**Work instructions:**
In the entries below, find the line with "real) \<Rightarrow> (nat" and the line with "(\<forall>i\<ge>1. \<Delta> a". Print those two and everything between them exactly, and nothing else.

**Listed records:**
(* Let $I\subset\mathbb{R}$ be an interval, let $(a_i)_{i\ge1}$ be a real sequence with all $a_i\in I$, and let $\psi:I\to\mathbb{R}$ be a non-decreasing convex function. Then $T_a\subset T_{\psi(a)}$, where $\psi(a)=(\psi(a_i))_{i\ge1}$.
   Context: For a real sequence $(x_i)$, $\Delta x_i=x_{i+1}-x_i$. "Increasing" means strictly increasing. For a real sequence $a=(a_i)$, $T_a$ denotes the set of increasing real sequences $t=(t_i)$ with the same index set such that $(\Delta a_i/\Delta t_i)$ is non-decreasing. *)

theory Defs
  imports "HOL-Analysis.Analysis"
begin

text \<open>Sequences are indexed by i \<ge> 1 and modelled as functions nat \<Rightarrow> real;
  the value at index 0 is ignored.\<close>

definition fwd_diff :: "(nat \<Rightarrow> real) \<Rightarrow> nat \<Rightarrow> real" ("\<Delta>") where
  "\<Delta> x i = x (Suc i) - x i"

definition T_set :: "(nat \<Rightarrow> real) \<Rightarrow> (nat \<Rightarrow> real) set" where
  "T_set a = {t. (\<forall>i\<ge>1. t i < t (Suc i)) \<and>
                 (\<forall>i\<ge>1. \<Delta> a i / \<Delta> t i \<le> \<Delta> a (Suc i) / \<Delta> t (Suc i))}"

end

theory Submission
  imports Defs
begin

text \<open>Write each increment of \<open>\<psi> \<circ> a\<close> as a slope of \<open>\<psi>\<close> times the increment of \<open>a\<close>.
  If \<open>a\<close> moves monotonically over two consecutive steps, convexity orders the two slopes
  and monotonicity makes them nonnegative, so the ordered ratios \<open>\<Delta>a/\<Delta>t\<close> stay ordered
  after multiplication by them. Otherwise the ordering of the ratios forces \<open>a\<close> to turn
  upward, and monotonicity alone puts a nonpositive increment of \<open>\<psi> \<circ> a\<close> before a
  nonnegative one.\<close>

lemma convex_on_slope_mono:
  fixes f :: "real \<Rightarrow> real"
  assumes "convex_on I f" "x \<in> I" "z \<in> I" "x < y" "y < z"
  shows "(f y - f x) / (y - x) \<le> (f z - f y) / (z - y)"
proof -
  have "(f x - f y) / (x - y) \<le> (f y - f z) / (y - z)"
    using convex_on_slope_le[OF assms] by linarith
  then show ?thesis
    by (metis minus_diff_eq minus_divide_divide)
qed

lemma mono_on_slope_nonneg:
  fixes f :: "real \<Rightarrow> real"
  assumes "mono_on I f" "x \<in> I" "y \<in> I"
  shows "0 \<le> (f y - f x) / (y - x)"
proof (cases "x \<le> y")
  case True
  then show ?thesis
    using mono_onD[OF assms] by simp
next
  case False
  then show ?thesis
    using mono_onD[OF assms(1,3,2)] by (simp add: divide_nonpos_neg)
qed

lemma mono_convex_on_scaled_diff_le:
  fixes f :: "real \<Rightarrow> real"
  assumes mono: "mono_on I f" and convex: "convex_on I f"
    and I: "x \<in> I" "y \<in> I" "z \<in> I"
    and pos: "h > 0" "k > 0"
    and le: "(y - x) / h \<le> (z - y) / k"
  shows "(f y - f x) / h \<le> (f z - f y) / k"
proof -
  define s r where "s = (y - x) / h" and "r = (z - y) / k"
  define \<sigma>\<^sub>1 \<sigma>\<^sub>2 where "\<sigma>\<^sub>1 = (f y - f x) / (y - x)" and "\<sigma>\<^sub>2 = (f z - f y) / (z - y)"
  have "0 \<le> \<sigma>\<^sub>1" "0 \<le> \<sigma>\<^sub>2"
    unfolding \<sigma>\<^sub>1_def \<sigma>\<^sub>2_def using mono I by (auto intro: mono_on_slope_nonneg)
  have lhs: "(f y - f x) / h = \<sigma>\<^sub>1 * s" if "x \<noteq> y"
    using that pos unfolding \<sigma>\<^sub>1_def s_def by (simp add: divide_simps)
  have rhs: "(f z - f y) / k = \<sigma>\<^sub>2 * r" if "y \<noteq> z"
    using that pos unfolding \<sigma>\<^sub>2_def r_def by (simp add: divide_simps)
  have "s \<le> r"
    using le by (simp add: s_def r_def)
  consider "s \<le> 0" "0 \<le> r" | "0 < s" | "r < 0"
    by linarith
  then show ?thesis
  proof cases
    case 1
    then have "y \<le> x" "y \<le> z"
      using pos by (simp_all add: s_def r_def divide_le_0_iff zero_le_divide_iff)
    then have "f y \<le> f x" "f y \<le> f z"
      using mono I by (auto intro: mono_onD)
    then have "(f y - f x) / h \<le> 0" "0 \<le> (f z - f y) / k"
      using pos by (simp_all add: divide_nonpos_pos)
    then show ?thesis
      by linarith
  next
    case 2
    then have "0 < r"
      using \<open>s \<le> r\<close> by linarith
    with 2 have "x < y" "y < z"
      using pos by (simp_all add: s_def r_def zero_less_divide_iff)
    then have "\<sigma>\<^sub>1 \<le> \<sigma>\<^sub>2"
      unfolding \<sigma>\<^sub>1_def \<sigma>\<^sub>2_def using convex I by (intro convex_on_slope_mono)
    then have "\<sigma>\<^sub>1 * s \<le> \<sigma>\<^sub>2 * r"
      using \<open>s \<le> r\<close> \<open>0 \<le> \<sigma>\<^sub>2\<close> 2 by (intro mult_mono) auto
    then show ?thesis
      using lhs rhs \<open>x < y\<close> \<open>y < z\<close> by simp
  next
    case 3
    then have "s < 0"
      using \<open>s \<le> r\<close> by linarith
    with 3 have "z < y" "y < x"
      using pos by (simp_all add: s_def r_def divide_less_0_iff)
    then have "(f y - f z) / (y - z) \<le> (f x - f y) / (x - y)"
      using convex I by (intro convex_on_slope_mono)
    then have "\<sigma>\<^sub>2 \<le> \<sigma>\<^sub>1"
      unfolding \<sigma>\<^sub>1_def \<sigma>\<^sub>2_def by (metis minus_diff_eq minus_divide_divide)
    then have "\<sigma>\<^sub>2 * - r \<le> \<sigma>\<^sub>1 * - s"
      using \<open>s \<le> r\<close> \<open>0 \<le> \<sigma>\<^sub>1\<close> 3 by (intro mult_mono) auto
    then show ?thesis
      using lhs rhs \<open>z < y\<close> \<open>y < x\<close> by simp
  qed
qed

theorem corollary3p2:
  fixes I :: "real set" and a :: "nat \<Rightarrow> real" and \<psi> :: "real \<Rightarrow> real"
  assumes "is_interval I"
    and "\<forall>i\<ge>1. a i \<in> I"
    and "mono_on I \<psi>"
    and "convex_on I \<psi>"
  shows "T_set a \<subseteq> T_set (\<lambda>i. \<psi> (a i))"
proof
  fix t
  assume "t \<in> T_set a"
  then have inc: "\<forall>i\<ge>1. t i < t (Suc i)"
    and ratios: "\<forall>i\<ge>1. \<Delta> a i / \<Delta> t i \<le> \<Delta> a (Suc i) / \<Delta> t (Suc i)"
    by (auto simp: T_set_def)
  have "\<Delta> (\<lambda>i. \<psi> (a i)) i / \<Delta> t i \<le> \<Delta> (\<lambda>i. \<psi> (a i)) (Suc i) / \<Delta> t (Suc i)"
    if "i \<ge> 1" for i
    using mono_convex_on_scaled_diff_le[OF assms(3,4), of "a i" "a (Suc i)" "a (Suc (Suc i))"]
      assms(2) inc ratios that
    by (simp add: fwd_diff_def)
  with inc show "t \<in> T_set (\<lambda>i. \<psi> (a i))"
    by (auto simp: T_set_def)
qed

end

**Solved problem:**
definition T_set :: "(nat \<Rightarrow> real) \<Rightarrow> (nat \<Rightarrow> real) set" where
  "T_set a = {t. (\<forall>i\<ge>1. t i < t (Suc i)) \<and>
                 (\<forall>i\<ge>1. \<Delta> a i / \<Delta> t i \<le> \<Delta> a (Suc i) / \<Delta> t (Suc i))}"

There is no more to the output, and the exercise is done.